Ask Kathy Sullivan, a former chairwoman of the New Hampshire Democratic Party, what issues will be critical in the state’s presidential primary race, and the first thing she mentions is healthcare—the issue that has dominated Democratic policy conversations for years and was a flashpoint when Barack Obama was squaring off against Hillary Clinton in 2008. Immediately after that, though, she mentions the climate.
“Climate change has gotten bigger and bigger and bigger as the reality is finally starting to wake people up,” she says.
The environment has rarely been a top-tier issue in US political debates, and 2020 contenders have so far spent more time focusing on economic inequality and poverty. But conversations with local party stalwarts who will help voters choose the nominee in a series of statewide contests suggest that that could be changing. The climate, environmental justice, water pollution, and other green issues seem to be among the biggest issues on many minds.
Polls suggest that an increasing portion of the electorate is worried about the environment. Gallup found last year that 62 percent of Americans think the government is doing too little on the environment, the highest rate in 12 years. Pew reported that 59 percent say climate change is already affecting their local communities. An annual survey that tracks concern over the climate found that 72 percent of Americans said that the issue was “personally important” to them, and 56 percent said their family would be harmed by climate change. Among Democrats, 10 percent named the environment as the single top issue in a November IPSOS poll—putting it on par with the economy and above crime, education, or immigration, although well below healthcare. And environmental issues are particularly salient for young and Latinx voters—two groups that are important and growing parts of the Democratic base.

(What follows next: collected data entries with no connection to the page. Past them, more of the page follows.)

(* Let $\alpha_1,\alpha_2>0$ with $\alpha_1\neq\alpha_2$ and let $m\ge3(\alpha_1+\alpha_2)$. There exists a constant $C>0$ such that for all $A_1,A_2\in\mathbb{R}$ and all $A_3\in\mathbb{R}\setminus\{0\}$, $$\left|\int_0^1 e^{-i(A_1t^{\alpha_1}+A_2t^{\alpha_2}+A_3t^m)}\,t^{\alpha_1+\alpha_2-1}\,dt\right|\le C|A_3|^{-\frac{\alpha_1+\alpha_2}{m}}.$$ *)

theory Defs
  imports "HOL-Analysis.Analysis"
begin

end

theory Submission
  imports Defs
begin

(*
  Substituting u = t powr (\<alpha>1 + \<alpha>2) turns the integral into (\<alpha>1 + \<alpha>2)^-1 times
  the integral over [0,1] of cis (- phase u), where phase u = A1 u^b1 + A2 u^b2 + A3 u^M with
  b1 + b2 = 1 and M \<ge> 3; replacing the phase by its negative (which conjugates the integrand)
  we may assume A3 > 0. Put scale = A3^(-1/M). The interval [0, scale] contributes at most scale.
  On [scale, 1], curv u = u^2 phase''(u) factors as u^b1 curv_factor u, where the derivative of
  curv_factor is u^(b2-b1-1) times the monotone function curv_factor_slope. Hence [scale, 1]
  splits into four intervals on which phase'' has constant sign, i.e. phase' is monotone. On
  each of them the first-derivative van der Corput estimate bounds the contribution of the
  region where |phase'| \<ge> 1/scale by 8 scale, and the remaining region has length at most
  8 scale: the Euler-type identity
    curv' + b1 b2 phase' = M (M - b1) (M - b2) A3 u^(M-1)
  forces phase' to grow quadratically away from the midpoint of any interval on which it
  stays small.
*)

definition constant_sign_on :: "real set \<Rightarrow> (real \<Rightarrow> real) \<Rightarrow> bool" where
  "constant_sign_on S h \<longleftrightarrow> (\<forall>x\<in>S. 0 \<le> h x) \<or> (\<forall>x\<in>S. h x \<le> 0)"

lemma constant_sign_on_subset: "constant_sign_on S h \<Longrightarrow> T \<subseteq> S \<Longrightarrow> constant_sign_on T h"
  unfolding constant_sign_on_def by blast

lemma constant_sign_on_uminus:
  "constant_sign_on S (\<lambda>x. - h x) \<longleftrightarrow> constant_sign_on S h"
  unfolding constant_sign_on_def by auto

lemma constant_sign_on_mult_pos:
  assumes "constant_sign_on S h" and "\<And>x. x \<in> S \<Longrightarrow> 0 < w x"
  shows "constant_sign_on S (\<lambda>x. w x * h x)"
  using assms unfolding constant_sign_on_def
  by (smt (verit) mult_nonneg_nonneg mult_nonneg_nonpos)

lemma mono_or_antimono_of_constant_sign_deriv:
  fixes h h' :: "real \<Rightarrow> real"
  assumes dh: "\<And>x. x \<in> {p..q} \<Longrightarrow> (h has_real_derivative h' x) (at x)"
    and sign: "constant_sign_on {p..q} h'"
  shows "mono_on {p..q} h \<or> antimono_on {p..q} h"
  using sign unfolding constant_sign_on_def
proof
  assume nonneg: "\<forall>x\<in>{p..q}. 0 \<le> h' x"
  have "h x \<le> h y" if "x \<in> {p..q}" "y \<in> {p..q}" "x \<le> y" for x y
    using \<open>x \<le> y\<close> by (rule DERIV_nonneg_imp_nondecreasing)
      (use that in \<open>meson atLeastAtMost_iff dh nonneg order_trans\<close>)
  then show ?thesis by (auto intro: mono_onI)
next
  assume nonpos: "\<forall>x\<in>{p..q}. h' x \<le> 0"
  have "h y \<le> h x" if "x \<in> {p..q}" "y \<in> {p..q}" "x \<le> y" for x y
    using \<open>x \<le> y\<close> by (rule DERIV_nonpos_imp_nonincreasing)
      (use that in \<open>meson atLeastAtMost_iff dh nonpos order_trans\<close>)
  then show ?thesis by (auto intro: monotone_onI)
qed
(* Let $f:[0,1]\to[0,1]$ be continuous and strictly increasing with $f(0)=0$, $f(1)=1$, and $f(y)=e$ for some $y,e\in\,]0,1[$ with $y>e$; put $x=f(e)$ (so $x<e$). Let $a=\lim_{n\to+\infty}f^{(n)}(x)$ and $d=\lim_{n\to+\infty}f^{(-n)}(x)$. Let $F:[x,e]^2\to[f(x),e]$ be commutative and non-decreasing with $F(s,e)=s$ and $F(s,x)=f(s)$ for all $s\in[x,e]$, and such that for all $s,t,u\in\,]x,e]$ with $F(s,t)\in\,]f^{(n+1)}(e),f^{(n)}(e)]$ and $F(t,u)\in\,]f^{(m+1)}(e),f^{(m)}(e)]$, $n,m\in\{0,1\}$, $$f^{(m)}\big(F(s,f^{(-m)}(F(t,u)))\big)=f^{(n)}\big(F(f^{(-n)}(F(s,t)),u)\big).$$ Then the function $U:]a,d[^2\to\,]a,d[$ given by $$U(s,t)=f^{(n+m)}\big(F(f^{(-n)}(s),f^{(-m)}(t))\big)\quad\text{if }s\in\,]f^{(n+1)}(e),f^{(n)}(e)],\ t\in\,]f^{(m+1)}(e),f^{(m)}(e)],\ n,m\in\mathbb{Z},$$ is well defined and is a uninorm on $]a,d[$, i.e., it is commutative, associative, non-decreasing in each variable, and $e$ is its neutral element.
   Context: For a continuous strictly increasing bijection $f:[0,1]\to[0,1]$: $f^{(0)}=\mathrm{id}$, $f^{(n)}=f\circ f^{(n-1)}$ and $f^{(-n)}=f^{-1}\circ f^{(-n+1)}$ for $n\in\mathbb{N}$, where $f^{-1}$ is the inverse function of $f$. *)

theory Defs
  imports "HOL-Analysis.Analysis"
begin
lemma binop_cls:
  assumes "wf ar t" and "u \<in> terms_over ar X" and "w \<in> terms_over ar X"
  shows "binop t ops (cls u) (cls w) = cls (subst (\<lambda>i. if i = 1 then u else w) t)"
proof -
  have "(\<lambda>i :: nat. if i = 1 then cls u else cls w) = (\<lambda>i. cls (if i = 1 then u else w))"
    by (rule ext) simp
  then show ?thesis
    unfolding binop_def using eval_cls[OF assms(1)] assms(2,3) by simp
qed

lemma binop_in_A: "wf ar t \<Longrightarrow> x \<in> A \<Longrightarrow> y \<in> A \<Longrightarrow> binop t ops x y \<in> A"
  unfolding binop_def by (rule eval_in_A) auto

lemma is_cong_binop:
  assumes "is_cong ar A ops \<theta>" and "wf ar t" and "(x, x') \<in> \<theta>" and "(y, y') \<in> \<theta>"
  shows "(binop t ops x y, binop t ops x' y') \<in> \<theta>"
  unfolding binop_def
  by (rule is_cong_eval[where C = A, OF free_op_in_A assms(1,2)]) (use assms(3,4) in auto)

lemma class_vars_binop:
  assumes "wf ar t" and "vars t = {1, 2}" and "x \<in> A" and "y \<in> A"
  shows "class_vars (binop t ops x y) = class_vars x \<union> class_vars y"
  unfolding binop_def using assms by (simp add: class_vars_eval)

lemma binop_left_zero:
  fixes t :: "('f, nat) trm"
  assumes Tt: "\<And>u w :: ('f, 'x) trm. wf ar u \<Longrightarrow> wf ar w \<Longrightarrow> vars u = vars w \<Longrightarrow>
      eqc ar \<Sigma> (subst (\<lambda>i. if i = 1 then u else w) t) u"
    and "wf ar t" and "vars t = {1, 2}" and "x \<in> A" and "y \<in> A" and "class_vars x = class_vars y"
  shows "binop t ops x y = x"
proof -
  obtain u w where u: "u \<in> terms_over ar X" "x = cls u" and w: "w \<in> terms_over ar X" "y = cls w"
    using assms(4,5) some_in_A A_eq_cls by metis
  then have "vars u = vars w"
    using assms(6) class_vars_cls by simp
  then have "eqc ar \<Sigma> (subst (\<lambda>i. if i = 1 then u else w) t) u"
    using u(1) w(1) by (intro Tt) (auto simp: terms_over_def)
  then show ?thesis
    using u w assms(2,3) by (simp add: binop_cls cls_eq subst_in_terms_over)
qed
theorem corollary5:
  fixes P :: "nat \<Rightarrow> (nat \<Rightarrow> real) measure" and s :: "nat \<Rightarrow> real"
  assumes "\<And>n. n \<ge> 1 \<Longrightarrow> prob_space (P n)"
    and "\<And>n. n \<ge> 1 \<Longrightarrow> sets (P n) = sets (euclid_space n)"
    and "\<And>n. n \<ge> 1 \<Longrightarrow> s n > 0"
    and "dominates (\<lambda>n. scaled_gauss (s n) n) P"
  shows "exp_fisher_separable P"
proof -
  obtain C0 where C0: "\<And>n S. n \<ge> 1 \<Longrightarrow> S \<in> sets (euclid_space n)
      \<Longrightarrow> measure (P n) S \<le> C0 * measure (scaled_gauss (s n) n) S"
    using assms(4) unfolding dominates_def by blast
  define C where "C = max C0 1"
  have dominated: "measure (P n) S \<le> C * measure (scaled_gauss (s n) n) S"
    if "n \<ge> 1" "S \<in> sets (euclid_space n)" for n S
    using C0[OF that] mult_right_mono[OF max.cobounded1 measure_nonneg]
    unfolding C_def by (rule order_trans)
  have "measure (P n \<Otimes>\<^sub>M P n) {(x, y) \<in> space (P n \<Otimes>\<^sub>M P n). ip n x x > ip n x y}
      \<ge> 1 - C\<^sup>2 * (1 / sqrt 2) ^ n" if "n \<ge> 1" for n
    using assms(1-3)[OF that] dominated[OF that]
    by (intro prob_ip_separated_ge_if_dominated[where s = "s n"]) (auto simp: C_def)
  moreover have "C\<^sup>2 > 0" "0 < 1 / sqrt (2::real)" "1 / sqrt (2::real) < 1"
    by (auto simp: C_def)
  ultimately show ?thesis
    unfolding exp_fisher_separable_def by blast
qed

end
(* For every $n\equiv 9 \pmod{16}$ (with $n\geq 9$), there exists an almost 2-perfect maximum 8-cycle packing of $K_n$.
   Context: An 8-cycle packing of $K_n$ on vertex set $\mathcal{X}$ is a triple $(\mathcal{X},\mathcal{C},\mathcal{L})$ with $\mathcal{C}$ a collection of pairwise edge-disjoint 8-cycles of $K_n$ and leave $\mathcal{L}$ the set of edges in no cycle of $\mathcal{C}$; it is maximum if $|\mathcal{L}|$ is minimum among all 8-cycle packings of $K_n$. For an 8-cycle $C$, an inside 8-cycle of $C$ is an 8-cycle on the same vertex set sharing no edge with $C$. The packing is almost 2-perfect if one can choose for each $C\in\mathcal{C}$ an inside 8-cycle $C'$ such that $(\mathcal{X},\{C'\},\mathcal{L})$ is again an 8-cycle packing with the same leave. *)

theory Defs
  imports Main
begin

definition complete_edges :: "'a set \<Rightarrow> 'a set set" where
  "complete_edges X = {{x, y} | x y. x \<in> X \<and> y \<in> X \<and> x \<noteq> y}"

definition cycle_edges :: "'a list \<Rightarrow> 'a set set" where
  "cycle_edges vs = {{vs ! i, vs ! ((i + 1) mod length vs)} | i. i < length vs}"

definition is_8cycle :: "'a set \<Rightarrow> 'a set set \<Rightarrow> bool" where
  "is_8cycle X c \<longleftrightarrow>
     (\<exists>vs. length vs = 8 \<and> distinct vs \<and> set vs \<subseteq> X \<and> c = cycle_edges vs)"

definition cyc_vertices :: "'a set set \<Rightarrow> 'a set" where
  "cyc_vertices c = \<Union> c"

definition cycle8_packing :: "'a set \<Rightarrow> 'a set set set \<Rightarrow> 'a set set \<Rightarrow> bool" where
  "cycle8_packing X C L \<longleftrightarrow>
     (\<forall>c\<in>C. is_8cycle X c) \<and>
     (\<forall>c1\<in>C. \<forall>c2\<in>C. c1 \<noteq> c2 \<longrightarrow> c1 \<inter> c2 = {}) \<and>
     L = complete_edges X - \<Union> C"

definition max_cycle8_packing :: "'a set \<Rightarrow> 'a set set set \<Rightarrow> 'a set set \<Rightarrow> bool" where
  "max_cycle8_packing X C L \<longleftrightarrow>
     cycle8_packing X C L \<and>
     (\<forall>C' L'. cycle8_packing X C' L' \<longrightarrow> card L \<le> card L')"

definition inside_8cycle :: "'a set \<Rightarrow> 'a set set \<Rightarrow> 'a set set \<Rightarrow> bool" where
  "inside_8cycle X c c' \<longleftrightarrow>
     is_8cycle X c' \<and> cyc_vertices c' = cyc_vertices c \<and> c \<inter> c' = {}"

definition almost_2_perfect :: "'a set \<Rightarrow> 'a set set set \<Rightarrow> 'a set set \<Rightarrow> bool" where
  "almost_2_perfect X C L \<longleftrightarrow>
     (\<exists>f. inj_on f C \<and> (\<forall>c\<in>C. inside_8cycle X c (f c)) \<and> cycle8_packing X (f ` C) L)"

end

theory Submission
  imports Defs
begin

text \<open>
  Write n = 16k + 9 and split the vertices into the point 0 and 4k + 2 blocks of four
  consecutive vertices; consecutive pairs of blocks form 2k + 1 groups. The edges of K_n,
  apart from a 4-cycle inside block 0, are partitioned into pieces of three kinds: a copy of
  K_9 minus a 4-cycle on the point 0 together with one group, a K_{4,4} plus a 4-cycle on
  each side joining the first blocks of groups 2j - 1 and 2j, and a K_{4,4} between any
  other two blocks from different groups. Each kind of piece has an explicit decomposition
  into 8-cycles together with a second decomposition by inside 8-cycles, checked by
  evaluation; transported to all pieces, this yields an almost 2-perfect packing with a
  leave of 4 edges. No packing has a smaller leave, since the leave has
  n(n - 1)/2 - 8|C| \<equiv> 4 (mod 8) edges.
\<close>

section \<open>Counting edges of cycles and leaves\<close>

lemma cycle_edges_conv_image:
  "cycle_edges vs = (\<lambda>i. {vs ! i, vs ! ((i + 1) mod length vs)}) ` {..<length vs}"
  unfolding cycle_edges_def by auto
text \<open>The chord from circ x through a point V of the disk
  ends at circ (chord_end V x), where chord_end V is an increasing degree-one lift whose
  square is the translation by 1; the supporting line of a polygon from circ x is the chord
  through the vertex whose chord ends first, so the lift of \<psi> is the minimum F of the
  chord_end V over the vertices.

  A point of period 5 of \<psi> lifts to F^5 \<alpha> = \<alpha> + m. Then m \<ge> 1 because F moves
  every point forward, m \<le> 2 because F^5 \<le> chord_end V ^ 5 = chord_end V + 2, and m \<noteq> 1
  because going once around the circle in five steps would need five different vertices.
  For a continuous monotone degree-one lift, rotation number p/q is equivalent to
  F^q \<alpha> = \<alpha> + p for some \<alpha> (intermediate value theorem), and such an orbit, read
  modulo 1, consists of five points in cyclic order each sent two places ahead.\<close>

section \<open>Lifts of degree-one circle maps\<close>

lemma lift_eqI:
  assumes G: "continuous_on UNIV G" "\<And>x. frac (G x) = f (frac x)" "G 0 \<in> {0..<1}"
  shows "lift f = G"
  unfolding lift_def
proof (rule the_equality)
  show "continuous_on UNIV G \<and> (\<forall>x. frac (G x) = f (frac x)) \<and> G 0 \<in> {0..<1}"
    using G by blast
next
  fix H assume H: "continuous_on UNIV H \<and> (\<forall>x. frac (H x) = f (frac x)) \<and> H 0 \<in> {0..<1}"
  define D where "D x = H x - G x" for x
  have D_Ints: "D x \<in> \<int>" for x
    using H G(2)[of x] frac_eqE[of "H x" "G x"] by (metis D_def Ints_of_int add_diff_cancel_left')
  have "D constant_on UNIV"
  proof (rule continuous_discrete_range_constant)
    show "continuous_on UNIV D"
      unfolding D_def using H G(1) by (intro continuous_intros) auto
    show "\<exists>e>0. \<forall>y. y \<in> UNIV \<and> D y \<noteq> D x \<longrightarrow> e \<le> norm (D y - D x)" for x
      by (rule exI[of _ 1]) (auto intro!: Ints_nonzero_abs_ge1 Ints_diff D_Ints)
  qed simp
  moreover have "D 0 = 0"
  proof -
    obtain n where "D 0 = of_int n" using D_Ints[of 0] by (auto elim: Ints_cases)
    moreover have "\<bar>D 0\<bar> < 1" using H G(3) by (auto simp: D_def)
    ultimately show ?thesis by simp
  qed
  ultimately have "D x = 0" for x by (metis constant_on_def UNIV_I)
  then show "H = G" by (auto simp: D_def fun_eq_iff)
qed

Antjuan Seawright, a Democratic political strategist in South Carolina, says candidates heading to early primary and caucus states are hearing a lot about local environmental issues, which go beyond the problem of the earth getting hotter. When candidate Cory Booker visited the city of Denmark in early February, locals told him about a potentially dangerous chemical that the city water system had injected into a municipal well. Elsewhere, Seawright says, communities are sounding alarms about contaminated soil and other environmental health hazards.
“The issues are being brought more to the forefront than four years ago,” he says. “When you have candidates traveling across the country to all these places, they’re saying, ‘What are you going to do to fix it if you want our vote?’”
Rural Iowa has its own water quality issues, with agricultural runoff polluting local waterways. Measures to address the problem have been a major statewide issue over the past year. Susie Petra, who has been a progressive Democratic activist in the state since the 1980s, says that while environmentalism isn’t necessarily at the top of the party’s list of concerns, it’s a big deal to her and to many of the grassroots progressives she knows.
“I just think we need to understand what we’re leaving people as far as this earth goes, water goes,” she says.
Rae Breaux, director of the People and Planet First program for the group People’s Action, thinks there’s some truth to the idea that climate change isn’t the kind of bread-and-butter issue that typically moves regular voters. “'I’m a climate voter' is still not a top thing that people connect with,” she says.
But Breaux adds that activist organizations like People’s Action—which is planning candidate forums for Democratic 2020 contenders in Iowa, New Hampshire, and Nevada in the fall—have found voters get more interested in climate change when they see how it connects with day-to-day problems in their lives. When a Peace Action affiliate group in Colorado went knocking on people’s doors to talk about fracking, they found only limited concern about the long-term effects of dependence on fossil fuels.
“Everyone at the door was like, ‘Yeah, yeah, I know. But also I think our water is poisoned. Is there something you can do to help us on that?’” Breaux says.
So the group developed a campaign looking at levels of lead and other pollutants in the drinking water. Similarly, Breaux says, many people worry about the cost of electricity, the danger of floods and fires, or air pollution from power plants—which contribute to high levels of asthma in many black, brown, and poor communities. Breaux says it’s easy to draw connections between these local problems and climate change. For example, warming temperatures will exacerbate shortages of clean water in many areas, while the same refineries that use huge amounts of energy also produce lead pollution.
“Even though the issues feel very different, the root cause is parallel,” Breaux says.
Right now, the national conversation about environmental issues centers largely on the Green New Deal, the comprehensive framework for addressing climate change championed by Congresswoman Alexandria Ocasio-Cortez and supported by 2020 contenders including Kamala Harris, Cory Booker, Bernie Sanders, Elizabeth Warren, and Kristen Gillibrand. The proposal looks to circumvent the longstanding political tactic of pitting jobs growth against environmental protection by proposing the creation of an enormous number of well-paid green jobs.
As conversations around the Green New Deal evolve, Breaux says groups like People’s Action are watching with interest. To fulfill its ambitious goals of averting climate disaster and promoting economic justice, she adds, it would need to focus strongly on justice for communities most affected by climate change and other environmental problems. Already, though, the simple fact that politicians are talking about a big environmental plan is a positive step for activists concerned with all these issues.
“It is giving me a lot of hope, just the way it has broken through the national conversation,” Breaux says.